# Telco Customer Churn Prediction

## Task 1: Exploratory Data Analysis (EDA)
This notebook covers the step-by-step process of analyzing the Telco Customer Churn dataset, preprocessing the data, building classification models, and evaluating them.

### 1.1 Import Libraries

In [None]:
import pandas as pd
import numpy as np
import matplotlib.pyplot as plt
import seaborn as sns
from sklearn.model_selection import train_test_split, GridSearchCV, StratifiedKFold, ParameterGrid
from sklearn.preprocessing import StandardScaler, LabelEncoder
from sklearn.tree import DecisionTreeClassifier
from sklearn.metrics import accuracy_score, confusion_matrix, classification_report, roc_curve, auc
import tensorflow as tf
from tensorflow.keras.models import Sequential
from tensorflow.keras.layers import Dense, Dropout
from tensorflow.keras.callbacks import EarlyStopping
from sklearn import tree
import matplotlib.pyplot as plt
from imblearn.over_sampling import SMOTE

# Set visualization style
sns.set_style('whitegrid')
%matplotlib inline

# Reproducibility for NN training
tf.keras.utils.set_random_seed(42)

import warnings
warnings.filterwarnings('ignore')


### 1.2 Load Dataset

In [None]:
df = pd.read_csv('WA_Fn-UseC_-Telco-Customer-Churn.csv')
print(f"Dataset Shape: {df.shape}")
df.head()

### 1.3 Data Cleaning & Inspection

In [None]:
df.info()

In [None]:
# 'TotalCharges' is object but should be numeric. Coerce errors to NaN.
df['TotalCharges'] = pd.to_numeric(df['TotalCharges'], errors='coerce')

# Check for missing values
print("Missing values per column:")
print(df.isnull().sum())

In [None]:
# Drop rows with missing TotalCharges (usually very few)
df.dropna(inplace=True)

# Remove 'customerID' as it's not a feature
if 'customerID' in df.columns:
    df.drop(columns=['customerID'], inplace=True)

print("New Shape after cleaning:", df.shape)

In [None]:
# SAVE CLEANED DATASET
df.to_csv("cleaned_telco_churn.csv", index=False)
print("Cleaned dataset saved as 'cleaned_telco_churn.csv'")


### 1.4 Visualization

In [None]:
# Target Variable Distribution
plt.figure(figsize=(6,4))
sns.countplot(x='Churn', data=df, palette='viridis')
plt.title('Distribution of Churn')
plt.show()

In [None]:
# Numerical Features Distributions
fig, axes = plt.subplots(1, 3, figsize=(18, 5))

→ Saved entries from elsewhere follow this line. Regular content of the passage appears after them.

definition Sc :: "nat \<Rightarrow> real \<Rightarrow> (nat \<Rightarrow> real) \<Rightarrow> (nat \<Rightarrow> real)
                  \<Rightarrow> (real \<times> (nat \<Rightarrow> real) \<times> (nat \<Rightarrow> real)) set" where
  "Sc m \<epsilon> \<pi> h = {(z, x, y). (z, x) \<in> Xic m \<epsilon> \<pi> \<and> y \<in> Delta m
       \<and> (\<forall>i\<in>{1..m}. (1 - x i) * (1 - (\<Sum>k=1..m. y k)) \<ge> 0)
       \<and> (\<forall>i\<in>{1..m}. - ((1 - x i) * (1 - (\<Sum>k=1..m. y k))) \<ge> 0)
       \<and> (\<forall>i\<in>{1..m}. z * y i - h i * y i \<ge> 0)
       \<and> (\<forall>i\<in>{1..m}. - (x i * y i) \<ge> 0)
       \<and> (\<forall>i\<in>{1..m}. \<forall>j\<in>{1..m}. i < j \<longrightarrow> - ((1 - x i) * y j) \<ge> 0)}"

definition projConvSc :: "nat \<Rightarrow> real \<Rightarrow> (nat \<Rightarrow> real) \<Rightarrow> (nat \<Rightarrow> real)
                  \<Rightarrow> (real \<times> (nat \<Rightarrow> real)) set" where
  "projConvSc m \<epsilon> \<pi> h = (\<lambda>(z, x, y). (z, x)) ` (convex hull (Sc m \<epsilon> \<pi> h))"

end

theory Submission
  imports Defs
begin

(* The left-hand side is affine in (z, x), so the inequality cuts out a convex set and it
   suffices to check it on F_c and on the (z, x)-projection of S_c.  Every such point is a
   prefix point for some j: x_1 = ... = x_(j-1) = 1, x_j = 0 and z >= h_j (for S_c the
   vector y is the unit vector e_j, for F_c take the first zero coordinate of x).  At a
   prefix point the t-terms telescope to at least h_(t_1) - h_(t_(a_j+1)) plus the deltas
   with t_iota < j, the knapsack constraint bounds the sum of pi_q x_q over q > j by
   epsilon - F_j + pi_j, and comparing each phi_q with b pi_q for b = m beta_j, from above
   or from below according to A_j, reduces the inequality to the hypothesis on beta_j.
   Besides epsilon < 1 = sum of the pi_i, pi > 0 and the beta-conditions, only t_1 >= 1,
   1 <= q_1, q_v <= m and the monotonicity of t and q are used. *)

definition mixing_lhs :: "(nat \<Rightarrow> real) \<Rightarrow> (nat \<Rightarrow> nat) \<Rightarrow> nat set
    \<Rightarrow> (nat \<Rightarrow> real) \<Rightarrow> (nat \<Rightarrow> nat) \<Rightarrow> nat set \<Rightarrow> real \<times> (nat \<Rightarrow> real) \<Rightarrow> real" where
  "mixing_lhs a t I b q J = (\<lambda>(z, x). z + (\<Sum>i\<in>I. a i * x (t i)) + (\<Sum>i\<in>J. b i * (1 - x (q i))))"

lemma linear_mixing_part:
  "linear (\<lambda>(z::real, x::nat \<Rightarrow> real). z + (\<Sum>i\<in>I. a i * x (t i)) - (\<Sum>i\<in>J. b i * x (q i)))"
  by (rule linearI) (auto simp: scaleR_fun_def sum.distrib sum_distrib_left algebra_simps)

lemma convex_mixing_lhs_ge: "convex {w. c \<le> mixing_lhs a t I b q J w}"
proof -
  let ?f = "\<lambda>(z::real, x::nat \<Rightarrow> real). z + (\<Sum>i\<in>I. a i * x (t i)) - (\<Sum>i\<in>J. b i * x (q i))"
  have "{w. c \<le> mixing_lhs a t I b q J w} = ?f -` {c - (\<Sum>i\<in>J. b i)..}"
    by (auto simp: mixing_lhs_def right_diff_distrib sum_subtractf)
  then show ?thesis
    by (simp only: convex_linear_vimage[OF linear_mixing_part convex_real_interval(1)])
qed

definition prefix_points :: "nat \<Rightarrow> real \<Rightarrow> (nat \<Rightarrow> real) \<Rightarrow> (nat \<Rightarrow> real) \<Rightarrow> nat
    \<Rightarrow> (real \<times> (nat \<Rightarrow> real)) set" where
  "prefix_points m \<epsilon> \<pi> h j =
     {(z, x) \<in> Xic m \<epsilon> \<pi>. (\<forall>i\<in>{1..<j}. x i = 1) \<and> x j = 0 \<and> h j \<le> z}"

sns.histplot(df['tenure'], kde=True, ax=axes[0], color='skyblue')
axes[0].set_title('Tenure Distribution')

sns.histplot(df['MonthlyCharges'], kde=True, ax=axes[1], color='salmon')
axes[1].set_title('Monthly Charges Distribution')

sns.histplot(df['TotalCharges'], kde=True, ax=axes[2], color='green')
axes[2].set_title('Total Charges Distribution')

plt.tight_layout()
plt.show()

In [None]:
# Standardizing column names to lowercase for ease
df.columns = [c.lower() for c in df.columns]
print(df.columns)

In [None]:
# Churn vs Contract Type
plt.figure(figsize=(8,5))
sns.countplot(x='contract', hue='churn', data=df, palette='pastel')
plt.title('Churn Rate by Contract Type')
plt.show()

In [None]:
# Correlation Matrix
df_corr = df.copy()
df_corr['churn'] = df_corr['churn'].apply(lambda x: 1 if x == 'Yes' else 0)
numeric_df = df_corr.select_dtypes(include=['number'])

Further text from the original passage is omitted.